Bitcoin in India is showing plenty of promise at the grassroots level, as demonstrated by 250 undergraduate students who attended a seminar at the HR College of Commerce and Economics in Mumbai last Thursday.
Those present already demonstrated a basic knowledge of bitcoin and some of its technical aspects such as block chain transparency and mining, according to Vishal Gupta of the Bitcoin Alliance of India, who headed the presentation.
Gupta told CoinDesk he was impressed at the level of interest, saying:
“College faculty informed me that it was the highest attendance recorded for any visiting guest [to] date as it was an optional class and there was no compulsion on any student to attend the class.”
Topics and questions of interest
The seminar covered both the history and future of money in an almost two-hour session, of which one hour was devoted to questions and answers.
“We ourselves were surprised with the kind of questions students asked,” said Gupta, explaining that most of the students must have read about bitcoin on the Internet, since there is still not much information on bitcoin publicly available in India. The Bitcoin Alliance of India’s website, he said, typically receives about 150 visitors per day.
They also questioned the speaker about the reasons for Mt Gox’s failure, the transparency of transactions on the block chain and predictions for a future when the bitcoin system reduced or stopped payouts to miners.
Gupta said that, after this initial success, he plans to take the student seminar initiative to other colleges in Mumbai. One of India’s premier educational institutions, St Xavier’s College, has already requested a bitcoin lecture of its own.
Student attendees’ views
Helping to organize the event was Raunaq Vaisoha, a finance student who told CoinDesk he had been monitoring bitcoin’s progress since 2012, after coming across it on YouTube. He originally saw it as a volatile investment option but, he said, “I later discovered the multitude of opportunities that it enables otherwise and have been hooked ever since”.
He is currently involved with at least five bitcoin-related startups.
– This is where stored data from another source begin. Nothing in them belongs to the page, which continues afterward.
lemma fdiffs_inverse_diff:
  "fall (x - z) (Suc m) \<noteq> 0 \<Longrightarrow> fdiffs m (\<lambda>z. 1 / (x - z)) z = fact m / fall (x - z) (Suc m)"
proof (induction m arbitrary: z)
  case 0
  then show ?case using fall_Suc[of "x - z" 0] by simp
next
  case (Suc m)
  let ?C = "fall (x - z) (Suc (Suc m))"
  have C_right: "?C = fall (x - z) (Suc m) * (x - z - of_nat (Suc m))"
    by (rule fall_Suc)
  have C_left: "?C = (x - z) * fall (x - (z + 1)) (Suc m)"
    using fall_Suc_left[of "x - z" "Suc m"] by (simp add: algebra_simps)
  have nz: "fall (x - z) (Suc m) \<noteq> 0" "fall (x - (z + 1)) (Suc m) \<noteq> 0"
    and left_nz: "x - z \<noteq> 0" and right_nz: "x - z - of_nat (Suc m) \<noteq> 0"
    using Suc.prems C_right C_left by auto
  have "fact m / fall (x - (z + 1)) (Suc m) = fact m * (x - z) / ?C"
    unfolding C_left using left_nz by simp
  moreover have "fact m / fall (x - z) (Suc m) = fact m * (x - z - of_nat (Suc m)) / ?C"
    unfolding C_right using right_nz by simp
  ultimately have "fdiffs (Suc m) (\<lambda>z. 1 / (x - z)) z
      = fact m * (x - z) / ?C - fact m * (x - z - of_nat (Suc m)) / ?C"
    by (simp add: fdiffs_Suc Suc.IH nz)
  also have "\<dots> = fact (Suc m) / ?C"
    by (simp add: diff_divide_distrib[symmetric] algebra_simps)
  finally show ?case .
qed

text \<open>The coefficient that the discrete Leibniz rule produces when one factor is \<open>1 / (x - y)\<close>.\<close>

lemma choose_mult_fdiffs_inverse_diff:
  assumes "k \<le> j" and "fall (x - y) (Suc j) \<noteq> 0"
  shows "real (j choose k) * fdiffs (j - k) (\<lambda>z. 1 / (x - z)) (y + of_nat k)
       = fact j / fall (x - y) (Suc j) * (fall (x - y) k / fact k)"
proof -
  have split: "fall (x - y) (Suc j) = fall (x - y) k * fall (x - y - of_nat k) (Suc (j - k))"
    using fall_add[of "x - y" k "Suc (j - k)"] assms(1) by simp
  then have "fall (x - y) k \<noteq> 0" "fall (x - y - of_nat k) (Suc (j - k)) \<noteq> 0"
    using assms(2) by auto
  moreover have "real (j choose k) = fact j / (fact k * fact (j - k))"
    using assms(1) by (simp add: binomial_fact)
  ultimately show ?thesis
    using fdiffs_inverse_diff[of x "y + of_nat k" "j - k"]
    unfolding split by (simp add: algebra_simps)
qed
“As is evident from our recent conference in HR College which saw the likes of over 250 people, I am not alone in my interest towards bitcoin. I believe that if well publicised, bitcoin could reach unprecedented heights in India.”
Another participant, student Pulkit Bornani, reported that although he had never used bitcoin previously and had been unsure about it, he now couldn’t wait to get started.
Bitcoin’s properties gave it some unique advantages in his home country, he wrote.
“I really see a future for bitcoins in India where people in villages cannot get to a bank easily and microfinance is somewhat of a taboo. Bitcoin might just be the answer.”
Hurdles facing bitcoin acceptance
The Bitcoin Alliance of India, like similar advocacy groups around the world, is committed to the task of spreading bitcoin awareness – though it still faces some hurdles in its home country with both communication and regulation.
Gupta said privately arranged bitcoin trades remained more popular than exchange-based trades, while many of the popular online options are still limited in their ability to process deposits and withdrawals via banks.
All bitcoin exchanges need to be registered with the government and deposits cleared through the Reserve Bank of India (RBI) and the Securities and Exchange Board of India (SEBI), the same as commodity and stock exchanges.
Future plans for digital currencies
The country’s various bitcoin groups and businesses have previously held discussions over the possible formation of a chapter of the Bitcoin Foundation in India, and have also worked on a formal white paper to present to the Indian government.
Gupta said he and Vaisoha were also working to open a ‘bitcoin cafe’ in India, to demonstrate digital currency use in an everyday retail setting. Furthermore, Gupta is also involved with more advanced projects to develop the digital ecosystem in the future.